CSS Selector The knowledge points in this subsection are similar topyqueryA bit of a bump, core useselect()method can be implemented, and the return data is a list tuple.

  • Find by tag name.("title")
  • Lookup by class name.(".nav")
  • Search by id name.("#content")
  • By combinatorial search.("div#content")
  • By attribute lookup.("div[id='content'")("a[href]")

There are a few more tricks you can use when looking through attributes, theExample:

  • ^=: You can get nodes that start with XX:
print(('ul[class^="na"]'))
  • *=: Get the node whose attributes contain the specified character:
print(('ul[class*="li"]'))

II. Crawler Cases

BeautifulSoup after mastering the basics, in the preparation of the crawler case, it is very simple, this time to collect the targetnodeThe target site has a large number of artistic QR codes that can be used by Design Big Brother as a reference.
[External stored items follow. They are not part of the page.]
(* Let $b\in(0,\frac16)$, let $G$ and $v_{\max}$ be as below, and let $u_-,u_+\in[-1,1]$ with $u_->v_{\max}$ and $u_+<-v_{\max}$. Then the upper concave envelope $G_\frown$ of $G$ on $[u_+,u_-]$ equals $G$ on $[u_+,-v_{\max}]\cup[v_{\max},u_-]$ and equals the constant $G(v_{\max})$ on $[-v_{\max},v_{\max}]$. Consequently, the entropy solution $u(x,t)$ of the Riemann problem $\partial_tu+\partial_xG(u)=0$, $u(x,0)=u_-$ for $x\le0$, $u(x,0)=u_+$ for $x>0$, consists of a rarefaction fan, a stationary shock at $x=0$, and a rarefaction fan, with $\lim_{x\to0^-}u(x,t)=v_{\max}$ and $\lim_{x\to0^+}u(x,t)=-v_{\max}$ for every $t>0$; in particular the jump at $0$ is $-2v_{\max}$.
   Context: $G(v)=-\frac{v^2}{2}+\frac{4b^2+(1-2b)^2v^2}{2(4b^2+(1-2b)\sqrt{4b^2+(1-4b)v^2})}$ on $[-1,1]$ and $v_{\max}=\frac12\sqrt{\frac{(1+2b)(1-6b)}{1-4b}}$ (the positive global maximum point of $G$). The upper concave envelope of $G$ on an interval $I$ is the smallest concave function on $I$ that is $\ge G$ on $I$. For $u_->u_+$, the entropy solution of the Riemann problem is given by: $u(x,t)=u_-$ if $x\le (G_\frown)'(u_-)t$; $u(x,t)=[(G_\frown)']^{-1}(x/t)$ if $(G_\frown)'(u_-)t<x\le (G_\frown)'(u_+)t$; $u(x,t)=u_+$ if $x>(G_\frown)'(u_+)t$, where $G_\frown$ is the upper concave envelope of $G$ on $[u_+,u_-]$. *)

theory Defs
  imports "HOL-Analysis.Analysis"
begin

definition Gf :: "real \<Rightarrow> real \<Rightarrow> real" where
  "Gf b v = - v\<^sup>2 / 2 + (4*b\<^sup>2 + (1 - 2*b)\<^sup>2 * v\<^sup>2) /
     (2 * (4*b\<^sup>2 + (1 - 2*b) * sqrt (4*b\<^sup>2 + (1 - 4*b) * v\<^sup>2)))"

definition vmax :: "real \<Rightarrow> real" where
  "vmax b = (1/2) * sqrt ((1 + 2*b) * (1 - 6*b) / (1 - 4*b))"

text \<open>Only its values on I are meaningful.\<close>
definition upper_concave_envelope :: "real set \<Rightarrow> (real \<Rightarrow> real) \<Rightarrow> real \<Rightarrow> real" where
  "upper_concave_envelope I g = (\<lambda>v. Inf {h v | h. concave_on I h \<and> (\<forall>x\<in>I. g x \<le> h x)})"

definition deriv_within :: "real set \<Rightarrow> (real \<Rightarrow> real) \<Rightarrow> real \<Rightarrow> real" where
  "deriv_within I f v = (SOME D. (f has_real_derivative D) (at v within I))"

definition riemann_solution :: "(real \<Rightarrow> real) \<Rightarrow> real \<Rightarrow> real \<Rightarrow> real \<Rightarrow> real \<Rightarrow> real" where
  "riemann_solution g um up x t =
     (let I = {up..um};
          H = upper_concave_envelope I g;
          D = deriv_within I H
      in if x \<le> D um * t then um
         else if x \<le> D up * t then (THE v. v \<in> I \<and> D v = x / t)
         else up)"

end

theory Submission
  imports Defs
begin

text \<open>With \<open>s(v) = sqrt (4b\<^sup>2 + (1 - 4b) v\<^sup>2)\<close> the flux has the vertex form
  \<open>G = G(vmax) - (s - (1 - 2b)/2)\<^sup>2 / (2(1 - 4b))\<close>, and \<open>s = (1 - 2b)/2\<close> exactly at
  \<open>|v| = vmax\<close>. Replacing the bracket by its positive part yields a function \<open>H\<close> that equals \<open>G\<close>
  for \<open>|v| \<ge> vmax\<close> and the constant \<open>G(vmax)\<close> in between. \<open>H\<close> is concave because \<open>s\<close> is convex
  (it is the Euclidean norm of an affine function of \<open>v\<close>), and every concave majorant of \<open>G\<close>
  is at least \<open>G(\<plusminus>vmax)\<close> on \<open>[-vmax, vmax]\<close>, so \<open>H\<close> is the envelope. The slope of \<open>H\<close>
  vanishes on the plateau and is continuous and strictly decreasing beyond it, so inverting the
  slope at \<open>x/t \<rightarrow> 0\<^sup>\<mp>\<close> selects points just beyond \<open>\<plusminus>vmax\<close>.\<close>

lemma convex_on_sqrt_quadratic:
  fixes a k :: real
  assumes "0 \<le> a" "0 \<le> k"
  shows "convex_on UNIV (\<lambda>v. sqrt (a + k * v\<^sup>2))"
proof (rule convex_onI)
  define P :: "real \<Rightarrow> real \<times> real" where "P v = (sqrt a, sqrt k * v)" for v
  have norm_P: "norm (P v) = sqrt (a + k * v\<^sup>2)" for v
    using assms by (simp add: P_def norm_prod_def power_mult_distrib)
  fix t x y :: real assume t: "0 < t" "t < 1"
  have "P ((1 - t) *\<^sub>R x + t *\<^sub>R y) = (1 - t) *\<^sub>R P x + t *\<^sub>R P y"
    by (simp add: P_def algebra_simps)
  then have "norm (P ((1 - t) *\<^sub>R x + t *\<^sub>R y)) \<le> (1 - t) * norm (P x) + t * norm (P y)"
    using t norm_triangle_ineq[of "(1 - t) *\<^sub>R P x" "t *\<^sub>R P y"] by simp
  then show "sqrt (a + k * ((1 - t) *\<^sub>R x + t *\<^sub>R y)\<^sup>2)
      \<le> (1 - t) * sqrt (a + k * x\<^sup>2) + t * sqrt (a + k * y\<^sup>2)"
    by (simp only: norm_P)
qed simp

lemma convex_on_max0_square:
  fixes f :: "'a::real_vector \<Rightarrow> real"
  assumes "convex_on S f"
  shows "convex_on S (\<lambda>x. (max (f x) 0)\<^sup>2)"
proof (rule convex_onI)
  fix t :: real and x y assume t: "0 < t" "t < 1" and xy: "x \<in> S" "y \<in> S"
  define p where "p z = max (f z) 0" for z
  have p_convex: "p ((1 - t) *\<^sub>R x + t *\<^sub>R y) \<le> (1 - t) * p x + t * p y"
  proof -
    have "f ((1 - t) *\<^sub>R x + t *\<^sub>R y) \<le> (1 - t) * f x + t * f y"
      using convex_onD[OF assms, of t x y] t xy by simp
    also have "\<dots> \<le> (1 - t) * p x + t * p y"
      using t by (intro add_mono mult_left_mono) (auto simp: p_def)
    finally show ?thesis using t by (auto simp: p_def)
  qed
  have "(p ((1 - t) *\<^sub>R x + t *\<^sub>R y))\<^sup>2 \<le> ((1 - t) * p x + t * p y)\<^sup>2"
    using p_convex by (intro power_mono) (auto simp: p_def)
  also have "\<dots> = (1 - t) * (p x)\<^sup>2 + t * (p y)\<^sup>2 - t * (1 - t) * (p x - p y)\<^sup>2"
    by (simp add: algebra_simps power2_eq_square)
  also have "\<dots> \<le> (1 - t) * (p x)\<^sup>2 + t * (p y)\<^sup>2"
    using t by simp
  finally show "(max (f ((1 - t) *\<^sub>R x + t *\<^sub>R y)) 0)\<^sup>2 \<le> (1 - t) * (max (f x) 0)\<^sup>2 + t * (max (f y) 0)\<^sup>2"
    by (simp add: p_def)
next
  show "convex S" using assms by (rule convex_on_imp_convex)
qed

lemma has_real_derivative_max0_square:
  "((\<lambda>x::real. (max x 0)\<^sup>2) has_real_derivative 2 * max x 0) (at x)"
proof (cases x "0::real" rule: linorder_cases)
  case less
  have "((\<lambda>x::real. 0) has_real_derivative 0) (at x)" by simp
  then have "((\<lambda>x::real. (max x 0)\<^sup>2) has_real_derivative 0) (at x)"
    by (rule has_field_derivative_transform_within_open[where S="{..<0}"]) (use less in auto)
  then show ?thesis using less by simp
next
  case equal
  have "((\<lambda>y::real. max y 0) \<longlongrightarrow> max 0 0) (at 0)"
    by (intro tendsto_intros)
  moreover have "\<forall>\<^sub>F y in at (0::real). max y 0 = ((max y 0)\<^sup>2 - (max 0 0)\<^sup>2) / (y - 0)"
    unfolding eventually_at_filter
    by (rule always_eventually) (auto simp: max_def power2_eq_square)
  ultimately have "((\<lambda>y::real. ((max y 0)\<^sup>2 - (max 0 0)\<^sup>2) / (y - 0)) \<longlongrightarrow> 0) (at 0)"
    using tendsto_cong by force
  then show ?thesis unfolding equal has_field_derivative_iff by simp
next
  case greater
  have "((\<lambda>x::real. x\<^sup>2) has_real_derivative 2 * x) (at x)"
    by (auto intro!: derivative_eq_intros)
  then have "((\<lambda>x::real. (max x 0)\<^sup>2) has_real_derivative 2 * x) (at x)"
    by (rule has_field_derivative_transform_within_open[where S="{0<..}"]) (use greater in auto)
  then show ?thesis using greater by simp
qed
(* Circulant digraph C_n(a,b): vertices {0..<n} (representing Z_n),
   a bond is a pair (origin, terminus). *)

type_synonym bond = "nat \<times> nat"

definition is_bond :: "nat \<Rightarrow> nat \<Rightarrow> nat \<Rightarrow> bond \<Rightarrow> bool" where
  "is_bond n a b e \<longleftrightarrow> fst e < n \<and>
     (snd e = (fst e + a) mod n \<or> snd e = (fst e + b) mod n)"

definition is_path :: "nat \<Rightarrow> nat \<Rightarrow> nat \<Rightarrow> bond list \<Rightarrow> bool" where
  "is_path n a b p \<longleftrightarrow> (\<forall>e\<in>set p. is_bond n a b e) \<and>
     (\<forall>j. Suc j < length p \<longrightarrow> snd (p ! j) = fst (p ! Suc j))"

definition is_circuit :: "nat \<Rightarrow> nat \<Rightarrow> nat \<Rightarrow> bond list \<Rightarrow> bool" where
  "is_circuit n a b c \<longleftrightarrow> is_path n a b c \<and> c \<noteq> [] \<and> snd (last c) = fst (hd c)"

definition orbit :: "bond list \<Rightarrow> bond list set" where
  "orbit c = {rotate k c | k. True}"

definition cpow :: "bond list \<Rightarrow> nat \<Rightarrow> bond list" where
  "cpow c t = concat (replicate t c)"

definition is_orbit :: "nat \<Rightarrow> nat \<Rightarrow> nat \<Rightarrow> bond list set \<Rightarrow> bool" where
  "is_orbit n a b q \<longleftrightarrow> (\<exists>c. is_circuit n a b c \<and> q = orbit c)"

definition primitive_orbit :: "nat \<Rightarrow> nat \<Rightarrow> nat \<Rightarrow> bond list set \<Rightarrow> bool" where
  "primitive_orbit n a b q \<longleftrightarrow>
     \<not> (\<exists>c0 r. is_circuit n a b c0 \<and> r > 1 \<and> q = orbit (cpow c0 r))"
(* Two vertices of G^c(L^B) are adjacent exactly when their images in 2^n intersect, and the
  graph has diameter 2: vertices with disjoint images containing a and b are joined through a
  vertex over {a,b}, which is proper as n >= 3. A neighbour u of v is maximally distant from v iff the image of u lies in that of v,
  so the strong resolving graph lives on all vertices and joins two vertices iff their images are
  equal or disjoint. An independent set therefore maps injectively onto an intersecting family of
  proper subsets of {0..<n}; adding the full set, such a family has at most 2^(n-1) members, and
  the proper subsets containing 0 attain the bound. *)

lemma gdist_le:
  assumes "is_walk V E xs" "hd xs = u" "last xs = v" "length xs = Suc m"
  shows "gdist V E u v \<le> m"
  unfolding gdist_def by (rule Least_le) (use assms in blast)

lemma gdist_shortest_walk:
  assumes "is_walk V E xs" "hd xs = u" "last xs = v"
  obtains ys where "is_walk V E ys" "hd ys = u" "last ys = v" "length ys = Suc (gdist V E u v)"
proof -
  have "\<exists>m xs. is_walk V E xs \<and> hd xs = u \<and> last xs = v \<and> length xs = Suc m"
    using assms by (metis is_walk_def length_greater_0_conv Suc_pred)
  then have "\<exists>ys. is_walk V E ys \<and> hd ys = u \<and> last ys = v \<and> length ys = Suc (gdist V E u v)"
    unfolding gdist_def by (rule LeastI_ex)
  then show thesis using that by blast
qed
The following applies the tag and attribute retrieval of the BeautifulSoup module, the complete code is as follows:

from bs4 import BeautifulSoup
import requests
import logging
(level=)
def get_html(url, headers) -> None:
    try:
        res = (url=url, headers=headers, timeout=3)
    except Exception as e:
        ("Acquisition anomaly", e)

    if res is not None:
        html_str = 
        soup = BeautifulSoup(html_str, "")
        imgs = soup.find_all(attrs={'class': 'lazy'})
        print("The amount of data obtained is", len(imgs))
        datas = []
        for item in imgs:
            name = ('alt')
            src = item["src"]
            (f"{name},{src}")
            # Get the splice data
            ((name, src))
        save(datas, headers)
def save(datas, headers) -> None:
    if datas is not None:
        for item in datas:
            try:
                # Grab the picture
                res = (url=item[1], headers=headers, timeout=5)
            except Exception as e:
                (e)

            if res is not None:
                img_data = 
                with open("./imgs/{}.jpg".format(item[0]), "wb+") as f:
                    (img_data)
    else:
        return None
if __name__ == '__main__':
    headers = {
        "User-Agent": "Mozilla/5.0 (Windows NT 10.0; Win64; x64) AppleWebKit/537.36 (KHTML, like Gecko) Chrome/93.0.4577.82 Safari/537.36"
    }
    url_format = "http:///#p{}"
    urls = [url_format.format(i) for i in range(1, 2)]
    get_html(urls[0], headers)

This code test output uses thelogging module to realize the effect shown in the figure below. The test only collects 1 page of data, if you need to expand the scope of collection, you only need to modify themain The rules for page numbering within the function are sufficient. == In the process of writing the code, I found that the data request is of type POST and the data return format is JSON, so this case is only as a case of BeautifulSoup to get started.

to this article on the python beautifulsoup4 module details of the article is introduced to this, more related python beautifulsoup4 content please search for my previous articles or continue to browse the following related articles I hope you will support me in the future more!